Task statement
Could you filter the records below and return each line that holds "digitSet"?

Items from a data source

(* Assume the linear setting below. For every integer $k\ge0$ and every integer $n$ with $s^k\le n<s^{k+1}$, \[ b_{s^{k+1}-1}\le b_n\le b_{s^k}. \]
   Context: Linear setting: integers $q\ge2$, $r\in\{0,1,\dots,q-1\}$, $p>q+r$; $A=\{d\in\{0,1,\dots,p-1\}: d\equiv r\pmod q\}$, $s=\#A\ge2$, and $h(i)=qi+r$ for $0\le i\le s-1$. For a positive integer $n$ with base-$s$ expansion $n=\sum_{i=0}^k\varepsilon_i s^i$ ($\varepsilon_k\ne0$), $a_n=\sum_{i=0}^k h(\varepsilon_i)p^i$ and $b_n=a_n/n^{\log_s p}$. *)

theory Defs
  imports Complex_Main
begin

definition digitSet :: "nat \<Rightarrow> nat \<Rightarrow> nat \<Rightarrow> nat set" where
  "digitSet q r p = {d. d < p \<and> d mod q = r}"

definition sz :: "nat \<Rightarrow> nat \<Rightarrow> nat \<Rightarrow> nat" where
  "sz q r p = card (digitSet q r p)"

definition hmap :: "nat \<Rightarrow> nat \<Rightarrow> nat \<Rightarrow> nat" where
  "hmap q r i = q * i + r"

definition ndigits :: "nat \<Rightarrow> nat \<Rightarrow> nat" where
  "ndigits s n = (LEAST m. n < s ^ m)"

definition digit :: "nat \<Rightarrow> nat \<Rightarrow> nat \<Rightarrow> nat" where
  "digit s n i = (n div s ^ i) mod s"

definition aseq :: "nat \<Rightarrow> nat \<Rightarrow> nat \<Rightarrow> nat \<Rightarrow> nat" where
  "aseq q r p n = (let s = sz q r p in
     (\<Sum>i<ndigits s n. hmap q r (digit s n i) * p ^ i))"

...

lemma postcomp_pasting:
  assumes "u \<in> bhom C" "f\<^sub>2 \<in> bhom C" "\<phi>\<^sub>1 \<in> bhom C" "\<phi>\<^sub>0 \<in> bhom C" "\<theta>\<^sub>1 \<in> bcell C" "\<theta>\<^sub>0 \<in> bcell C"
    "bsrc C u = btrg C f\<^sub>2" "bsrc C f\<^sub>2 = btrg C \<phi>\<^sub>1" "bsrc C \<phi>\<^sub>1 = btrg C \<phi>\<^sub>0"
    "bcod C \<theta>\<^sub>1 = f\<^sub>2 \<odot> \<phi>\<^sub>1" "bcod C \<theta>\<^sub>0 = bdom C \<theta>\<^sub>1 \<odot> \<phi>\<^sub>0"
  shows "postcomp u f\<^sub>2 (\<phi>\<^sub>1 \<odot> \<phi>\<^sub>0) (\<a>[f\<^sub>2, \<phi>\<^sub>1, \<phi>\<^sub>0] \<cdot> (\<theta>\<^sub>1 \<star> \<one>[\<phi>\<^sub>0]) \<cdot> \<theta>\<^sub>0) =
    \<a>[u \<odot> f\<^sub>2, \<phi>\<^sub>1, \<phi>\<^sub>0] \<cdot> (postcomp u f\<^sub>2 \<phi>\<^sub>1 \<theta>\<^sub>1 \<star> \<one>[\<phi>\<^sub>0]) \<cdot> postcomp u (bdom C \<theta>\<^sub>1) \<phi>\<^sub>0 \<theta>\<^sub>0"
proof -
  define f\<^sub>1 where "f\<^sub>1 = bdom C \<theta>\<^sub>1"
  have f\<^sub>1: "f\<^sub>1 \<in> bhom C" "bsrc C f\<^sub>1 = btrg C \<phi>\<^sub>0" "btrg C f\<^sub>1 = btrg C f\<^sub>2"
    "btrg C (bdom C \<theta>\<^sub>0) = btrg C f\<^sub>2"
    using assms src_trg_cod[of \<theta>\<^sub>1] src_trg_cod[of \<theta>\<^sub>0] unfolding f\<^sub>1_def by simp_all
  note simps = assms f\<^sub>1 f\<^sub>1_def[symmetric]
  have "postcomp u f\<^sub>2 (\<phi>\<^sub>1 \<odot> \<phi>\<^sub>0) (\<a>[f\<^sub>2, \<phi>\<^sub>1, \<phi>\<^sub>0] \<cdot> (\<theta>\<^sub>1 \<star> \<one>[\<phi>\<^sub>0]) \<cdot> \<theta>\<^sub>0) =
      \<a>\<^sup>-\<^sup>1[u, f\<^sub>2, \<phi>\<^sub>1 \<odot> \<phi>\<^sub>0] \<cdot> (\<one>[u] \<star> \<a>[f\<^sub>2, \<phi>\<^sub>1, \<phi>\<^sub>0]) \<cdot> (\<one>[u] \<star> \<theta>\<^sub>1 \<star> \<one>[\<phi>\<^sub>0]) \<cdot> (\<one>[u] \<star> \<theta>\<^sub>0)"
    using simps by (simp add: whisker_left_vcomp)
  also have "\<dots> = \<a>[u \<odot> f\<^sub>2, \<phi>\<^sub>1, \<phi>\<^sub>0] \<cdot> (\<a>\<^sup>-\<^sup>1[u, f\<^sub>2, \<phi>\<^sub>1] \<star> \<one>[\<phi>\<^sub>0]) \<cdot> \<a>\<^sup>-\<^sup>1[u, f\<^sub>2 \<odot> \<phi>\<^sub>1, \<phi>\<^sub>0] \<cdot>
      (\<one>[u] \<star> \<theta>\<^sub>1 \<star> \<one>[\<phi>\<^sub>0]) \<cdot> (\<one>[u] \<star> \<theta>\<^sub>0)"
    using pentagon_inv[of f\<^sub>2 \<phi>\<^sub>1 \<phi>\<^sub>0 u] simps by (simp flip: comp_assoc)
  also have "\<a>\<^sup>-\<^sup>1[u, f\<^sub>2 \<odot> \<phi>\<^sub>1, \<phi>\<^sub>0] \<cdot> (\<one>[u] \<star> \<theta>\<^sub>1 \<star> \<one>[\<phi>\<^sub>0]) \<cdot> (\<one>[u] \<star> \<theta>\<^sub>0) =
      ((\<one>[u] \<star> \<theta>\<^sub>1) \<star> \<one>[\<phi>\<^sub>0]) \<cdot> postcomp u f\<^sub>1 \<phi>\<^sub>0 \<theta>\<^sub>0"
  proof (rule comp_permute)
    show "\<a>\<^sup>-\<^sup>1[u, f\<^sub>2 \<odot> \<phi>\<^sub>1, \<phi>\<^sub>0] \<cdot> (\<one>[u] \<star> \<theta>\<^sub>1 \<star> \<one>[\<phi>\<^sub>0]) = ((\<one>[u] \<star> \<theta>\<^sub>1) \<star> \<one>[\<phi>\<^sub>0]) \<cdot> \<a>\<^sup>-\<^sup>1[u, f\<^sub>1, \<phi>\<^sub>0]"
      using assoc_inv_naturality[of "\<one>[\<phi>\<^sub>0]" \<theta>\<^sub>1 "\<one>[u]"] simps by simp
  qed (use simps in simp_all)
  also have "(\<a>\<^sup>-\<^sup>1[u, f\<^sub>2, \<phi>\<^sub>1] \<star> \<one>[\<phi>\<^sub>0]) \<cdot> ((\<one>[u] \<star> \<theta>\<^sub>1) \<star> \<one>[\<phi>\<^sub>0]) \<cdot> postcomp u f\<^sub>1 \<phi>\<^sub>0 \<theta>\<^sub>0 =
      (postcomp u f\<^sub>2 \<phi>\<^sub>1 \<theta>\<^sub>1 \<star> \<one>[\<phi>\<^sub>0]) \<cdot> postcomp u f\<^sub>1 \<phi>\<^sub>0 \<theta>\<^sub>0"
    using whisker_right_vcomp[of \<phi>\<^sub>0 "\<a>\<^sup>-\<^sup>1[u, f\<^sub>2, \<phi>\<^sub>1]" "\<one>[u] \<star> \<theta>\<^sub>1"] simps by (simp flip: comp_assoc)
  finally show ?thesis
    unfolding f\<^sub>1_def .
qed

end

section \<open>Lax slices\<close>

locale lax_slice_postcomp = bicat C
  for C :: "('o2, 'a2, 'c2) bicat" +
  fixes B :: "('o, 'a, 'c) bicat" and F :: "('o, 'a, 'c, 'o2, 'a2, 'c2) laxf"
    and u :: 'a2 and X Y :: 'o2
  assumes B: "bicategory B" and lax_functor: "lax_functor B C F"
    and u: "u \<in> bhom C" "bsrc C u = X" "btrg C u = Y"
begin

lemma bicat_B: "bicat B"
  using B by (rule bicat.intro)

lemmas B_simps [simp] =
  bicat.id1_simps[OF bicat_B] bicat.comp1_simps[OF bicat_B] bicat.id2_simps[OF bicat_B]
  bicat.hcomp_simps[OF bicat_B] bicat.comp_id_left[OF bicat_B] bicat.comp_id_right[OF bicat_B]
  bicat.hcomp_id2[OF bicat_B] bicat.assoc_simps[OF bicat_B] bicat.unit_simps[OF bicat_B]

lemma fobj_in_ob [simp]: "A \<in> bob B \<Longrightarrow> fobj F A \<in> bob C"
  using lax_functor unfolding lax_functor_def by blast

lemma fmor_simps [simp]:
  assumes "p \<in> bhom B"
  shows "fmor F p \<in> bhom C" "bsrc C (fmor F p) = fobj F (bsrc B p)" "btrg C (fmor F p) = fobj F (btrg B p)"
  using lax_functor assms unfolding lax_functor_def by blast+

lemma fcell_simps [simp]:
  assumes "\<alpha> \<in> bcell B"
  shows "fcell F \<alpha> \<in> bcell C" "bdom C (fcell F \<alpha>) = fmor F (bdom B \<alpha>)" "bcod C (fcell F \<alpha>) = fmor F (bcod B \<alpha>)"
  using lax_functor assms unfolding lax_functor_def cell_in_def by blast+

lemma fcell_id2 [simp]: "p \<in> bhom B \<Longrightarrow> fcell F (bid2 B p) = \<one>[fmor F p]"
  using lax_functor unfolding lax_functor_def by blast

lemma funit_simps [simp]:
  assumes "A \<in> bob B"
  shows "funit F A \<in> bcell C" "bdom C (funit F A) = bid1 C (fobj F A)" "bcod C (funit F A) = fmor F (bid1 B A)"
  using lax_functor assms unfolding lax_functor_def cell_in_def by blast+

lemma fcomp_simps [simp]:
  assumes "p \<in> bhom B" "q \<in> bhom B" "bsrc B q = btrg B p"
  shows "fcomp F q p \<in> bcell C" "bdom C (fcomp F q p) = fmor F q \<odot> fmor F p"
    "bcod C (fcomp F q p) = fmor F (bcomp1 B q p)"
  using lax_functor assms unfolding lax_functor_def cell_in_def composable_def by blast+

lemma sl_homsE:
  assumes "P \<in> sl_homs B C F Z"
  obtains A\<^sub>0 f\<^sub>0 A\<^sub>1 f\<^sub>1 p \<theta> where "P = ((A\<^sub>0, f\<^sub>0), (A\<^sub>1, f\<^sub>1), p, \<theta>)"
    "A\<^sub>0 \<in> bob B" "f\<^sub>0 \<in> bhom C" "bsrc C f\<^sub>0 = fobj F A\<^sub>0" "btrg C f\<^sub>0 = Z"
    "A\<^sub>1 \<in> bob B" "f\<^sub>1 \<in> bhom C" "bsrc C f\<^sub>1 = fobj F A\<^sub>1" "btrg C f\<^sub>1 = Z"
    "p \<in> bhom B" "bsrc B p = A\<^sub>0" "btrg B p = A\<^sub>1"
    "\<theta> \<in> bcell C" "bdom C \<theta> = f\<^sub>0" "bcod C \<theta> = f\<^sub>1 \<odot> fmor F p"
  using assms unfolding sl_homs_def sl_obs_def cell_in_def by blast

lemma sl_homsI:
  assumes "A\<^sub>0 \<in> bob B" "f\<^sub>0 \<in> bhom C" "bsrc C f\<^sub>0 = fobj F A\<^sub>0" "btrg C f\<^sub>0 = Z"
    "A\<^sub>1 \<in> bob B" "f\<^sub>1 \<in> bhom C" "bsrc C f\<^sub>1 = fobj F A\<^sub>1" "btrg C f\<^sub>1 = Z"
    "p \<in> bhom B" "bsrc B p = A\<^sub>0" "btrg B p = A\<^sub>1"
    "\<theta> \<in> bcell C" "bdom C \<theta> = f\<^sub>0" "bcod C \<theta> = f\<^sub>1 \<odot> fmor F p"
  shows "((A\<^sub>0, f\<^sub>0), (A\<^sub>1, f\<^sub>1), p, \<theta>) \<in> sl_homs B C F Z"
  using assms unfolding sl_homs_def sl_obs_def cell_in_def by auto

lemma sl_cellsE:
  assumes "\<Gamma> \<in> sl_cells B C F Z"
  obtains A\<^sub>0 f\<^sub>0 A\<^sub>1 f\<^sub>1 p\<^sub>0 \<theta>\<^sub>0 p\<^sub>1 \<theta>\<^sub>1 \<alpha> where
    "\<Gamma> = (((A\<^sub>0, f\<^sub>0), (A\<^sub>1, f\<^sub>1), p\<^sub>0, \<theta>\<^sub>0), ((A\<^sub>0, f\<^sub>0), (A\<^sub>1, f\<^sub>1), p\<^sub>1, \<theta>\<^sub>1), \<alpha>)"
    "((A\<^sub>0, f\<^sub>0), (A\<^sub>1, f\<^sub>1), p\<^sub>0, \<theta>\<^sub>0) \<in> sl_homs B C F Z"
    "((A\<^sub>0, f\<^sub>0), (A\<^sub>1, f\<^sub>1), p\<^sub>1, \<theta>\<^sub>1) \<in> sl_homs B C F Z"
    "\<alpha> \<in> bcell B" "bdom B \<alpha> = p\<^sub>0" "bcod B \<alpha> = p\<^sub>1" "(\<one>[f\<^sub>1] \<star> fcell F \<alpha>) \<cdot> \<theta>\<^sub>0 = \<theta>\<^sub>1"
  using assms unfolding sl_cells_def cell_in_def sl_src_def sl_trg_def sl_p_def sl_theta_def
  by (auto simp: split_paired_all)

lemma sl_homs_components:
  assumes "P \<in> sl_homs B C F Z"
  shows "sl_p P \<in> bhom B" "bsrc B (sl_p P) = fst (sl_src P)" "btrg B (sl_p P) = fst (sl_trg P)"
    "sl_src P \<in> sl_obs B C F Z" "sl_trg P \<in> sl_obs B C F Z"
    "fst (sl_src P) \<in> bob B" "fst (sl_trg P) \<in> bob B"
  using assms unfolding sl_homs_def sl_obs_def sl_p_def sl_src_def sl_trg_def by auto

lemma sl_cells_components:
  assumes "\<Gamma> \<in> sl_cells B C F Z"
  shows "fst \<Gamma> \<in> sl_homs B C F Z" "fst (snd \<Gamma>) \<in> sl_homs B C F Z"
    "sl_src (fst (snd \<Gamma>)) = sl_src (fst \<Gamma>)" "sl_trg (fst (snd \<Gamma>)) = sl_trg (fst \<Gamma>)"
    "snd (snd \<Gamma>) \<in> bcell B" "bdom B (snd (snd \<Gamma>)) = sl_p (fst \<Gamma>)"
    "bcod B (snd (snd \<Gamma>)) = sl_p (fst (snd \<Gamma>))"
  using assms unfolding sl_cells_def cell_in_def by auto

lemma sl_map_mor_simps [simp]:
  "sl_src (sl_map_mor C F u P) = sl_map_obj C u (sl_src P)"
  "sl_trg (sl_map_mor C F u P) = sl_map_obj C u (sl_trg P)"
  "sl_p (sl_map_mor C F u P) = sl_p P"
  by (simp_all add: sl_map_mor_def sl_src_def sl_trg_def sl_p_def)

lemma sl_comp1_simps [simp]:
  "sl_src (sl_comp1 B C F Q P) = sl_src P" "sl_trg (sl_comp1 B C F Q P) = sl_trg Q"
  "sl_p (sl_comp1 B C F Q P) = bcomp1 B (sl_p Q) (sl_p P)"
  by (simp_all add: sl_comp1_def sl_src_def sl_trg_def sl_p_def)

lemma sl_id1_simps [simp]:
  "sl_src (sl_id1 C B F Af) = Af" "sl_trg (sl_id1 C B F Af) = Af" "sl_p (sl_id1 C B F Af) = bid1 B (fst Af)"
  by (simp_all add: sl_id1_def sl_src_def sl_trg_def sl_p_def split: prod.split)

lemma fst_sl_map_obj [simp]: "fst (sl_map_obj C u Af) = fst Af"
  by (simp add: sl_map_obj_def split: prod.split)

* * *

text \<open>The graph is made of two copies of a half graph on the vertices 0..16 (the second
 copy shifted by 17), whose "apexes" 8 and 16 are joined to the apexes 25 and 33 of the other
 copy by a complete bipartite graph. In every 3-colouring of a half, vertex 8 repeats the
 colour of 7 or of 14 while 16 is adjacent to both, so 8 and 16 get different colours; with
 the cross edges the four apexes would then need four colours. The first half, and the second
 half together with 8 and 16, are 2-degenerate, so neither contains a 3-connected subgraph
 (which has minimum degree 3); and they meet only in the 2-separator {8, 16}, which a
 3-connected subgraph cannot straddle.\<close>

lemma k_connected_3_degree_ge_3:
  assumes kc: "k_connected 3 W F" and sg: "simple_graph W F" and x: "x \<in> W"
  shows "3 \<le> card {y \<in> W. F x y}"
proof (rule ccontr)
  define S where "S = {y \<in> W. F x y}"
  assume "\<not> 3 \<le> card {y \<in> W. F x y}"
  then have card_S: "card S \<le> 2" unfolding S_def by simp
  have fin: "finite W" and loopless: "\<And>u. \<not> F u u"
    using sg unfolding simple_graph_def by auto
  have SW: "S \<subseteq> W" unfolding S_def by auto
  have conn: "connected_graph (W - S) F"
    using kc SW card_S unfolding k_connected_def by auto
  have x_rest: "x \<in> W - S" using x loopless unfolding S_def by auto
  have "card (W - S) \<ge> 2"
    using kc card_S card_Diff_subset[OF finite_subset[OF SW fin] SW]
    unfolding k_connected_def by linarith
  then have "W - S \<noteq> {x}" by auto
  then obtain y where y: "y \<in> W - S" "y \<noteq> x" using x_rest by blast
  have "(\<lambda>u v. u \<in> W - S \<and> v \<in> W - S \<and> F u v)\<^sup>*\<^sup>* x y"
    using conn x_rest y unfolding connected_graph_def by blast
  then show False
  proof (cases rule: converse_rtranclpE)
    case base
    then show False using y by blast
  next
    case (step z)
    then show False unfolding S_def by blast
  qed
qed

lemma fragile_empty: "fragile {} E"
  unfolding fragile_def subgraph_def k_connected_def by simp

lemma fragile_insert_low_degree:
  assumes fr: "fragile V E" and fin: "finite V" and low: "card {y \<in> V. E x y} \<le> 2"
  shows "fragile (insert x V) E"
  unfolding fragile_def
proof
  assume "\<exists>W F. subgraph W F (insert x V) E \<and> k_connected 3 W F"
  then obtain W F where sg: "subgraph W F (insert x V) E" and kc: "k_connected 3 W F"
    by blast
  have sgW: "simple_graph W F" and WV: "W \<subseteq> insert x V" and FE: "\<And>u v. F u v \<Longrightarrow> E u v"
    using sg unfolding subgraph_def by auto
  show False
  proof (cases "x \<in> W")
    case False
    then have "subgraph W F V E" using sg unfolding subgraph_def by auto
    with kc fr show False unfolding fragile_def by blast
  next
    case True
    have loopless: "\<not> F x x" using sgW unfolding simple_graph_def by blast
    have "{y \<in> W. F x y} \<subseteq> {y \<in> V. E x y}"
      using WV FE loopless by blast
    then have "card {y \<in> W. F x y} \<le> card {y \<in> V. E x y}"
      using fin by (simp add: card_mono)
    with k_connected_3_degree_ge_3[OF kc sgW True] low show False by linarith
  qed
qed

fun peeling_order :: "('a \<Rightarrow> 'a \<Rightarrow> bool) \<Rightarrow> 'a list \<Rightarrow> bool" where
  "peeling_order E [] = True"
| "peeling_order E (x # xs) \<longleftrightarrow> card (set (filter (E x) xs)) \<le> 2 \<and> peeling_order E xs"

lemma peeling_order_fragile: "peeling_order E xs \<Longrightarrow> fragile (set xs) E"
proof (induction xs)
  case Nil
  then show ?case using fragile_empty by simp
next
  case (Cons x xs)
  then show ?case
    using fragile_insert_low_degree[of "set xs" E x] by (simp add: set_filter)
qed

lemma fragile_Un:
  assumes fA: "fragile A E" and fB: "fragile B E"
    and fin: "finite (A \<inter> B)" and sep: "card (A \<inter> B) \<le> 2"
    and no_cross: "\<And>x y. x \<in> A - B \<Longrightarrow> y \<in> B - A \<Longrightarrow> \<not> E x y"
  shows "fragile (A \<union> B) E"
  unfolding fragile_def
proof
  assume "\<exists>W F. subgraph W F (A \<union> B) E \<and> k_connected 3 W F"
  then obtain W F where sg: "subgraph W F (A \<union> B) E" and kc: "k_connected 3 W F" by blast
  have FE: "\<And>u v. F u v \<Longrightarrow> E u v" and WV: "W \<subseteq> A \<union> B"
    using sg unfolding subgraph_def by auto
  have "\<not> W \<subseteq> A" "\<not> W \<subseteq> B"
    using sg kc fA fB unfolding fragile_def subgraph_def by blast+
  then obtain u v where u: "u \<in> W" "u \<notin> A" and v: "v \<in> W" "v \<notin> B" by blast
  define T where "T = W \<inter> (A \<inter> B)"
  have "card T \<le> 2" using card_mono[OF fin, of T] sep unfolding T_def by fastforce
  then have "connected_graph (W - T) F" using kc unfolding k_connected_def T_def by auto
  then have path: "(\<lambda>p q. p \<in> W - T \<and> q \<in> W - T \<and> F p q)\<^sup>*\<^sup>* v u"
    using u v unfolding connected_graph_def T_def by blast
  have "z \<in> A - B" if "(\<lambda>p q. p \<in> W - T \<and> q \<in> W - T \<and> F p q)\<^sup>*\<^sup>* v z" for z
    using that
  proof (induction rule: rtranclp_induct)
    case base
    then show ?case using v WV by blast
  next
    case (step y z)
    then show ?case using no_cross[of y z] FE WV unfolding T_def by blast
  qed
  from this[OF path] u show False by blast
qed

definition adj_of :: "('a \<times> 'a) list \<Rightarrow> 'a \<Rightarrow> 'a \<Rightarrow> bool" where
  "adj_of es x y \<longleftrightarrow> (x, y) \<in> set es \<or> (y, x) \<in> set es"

Written answer
definition digitSet :: "nat \<Rightarrow> nat \<Rightarrow> nat \<Rightarrow> nat set" where
  "digitSet q r p = {d. d < p \<and> d mod q = r}"
  "sz q r p = card (digitSet q r p)"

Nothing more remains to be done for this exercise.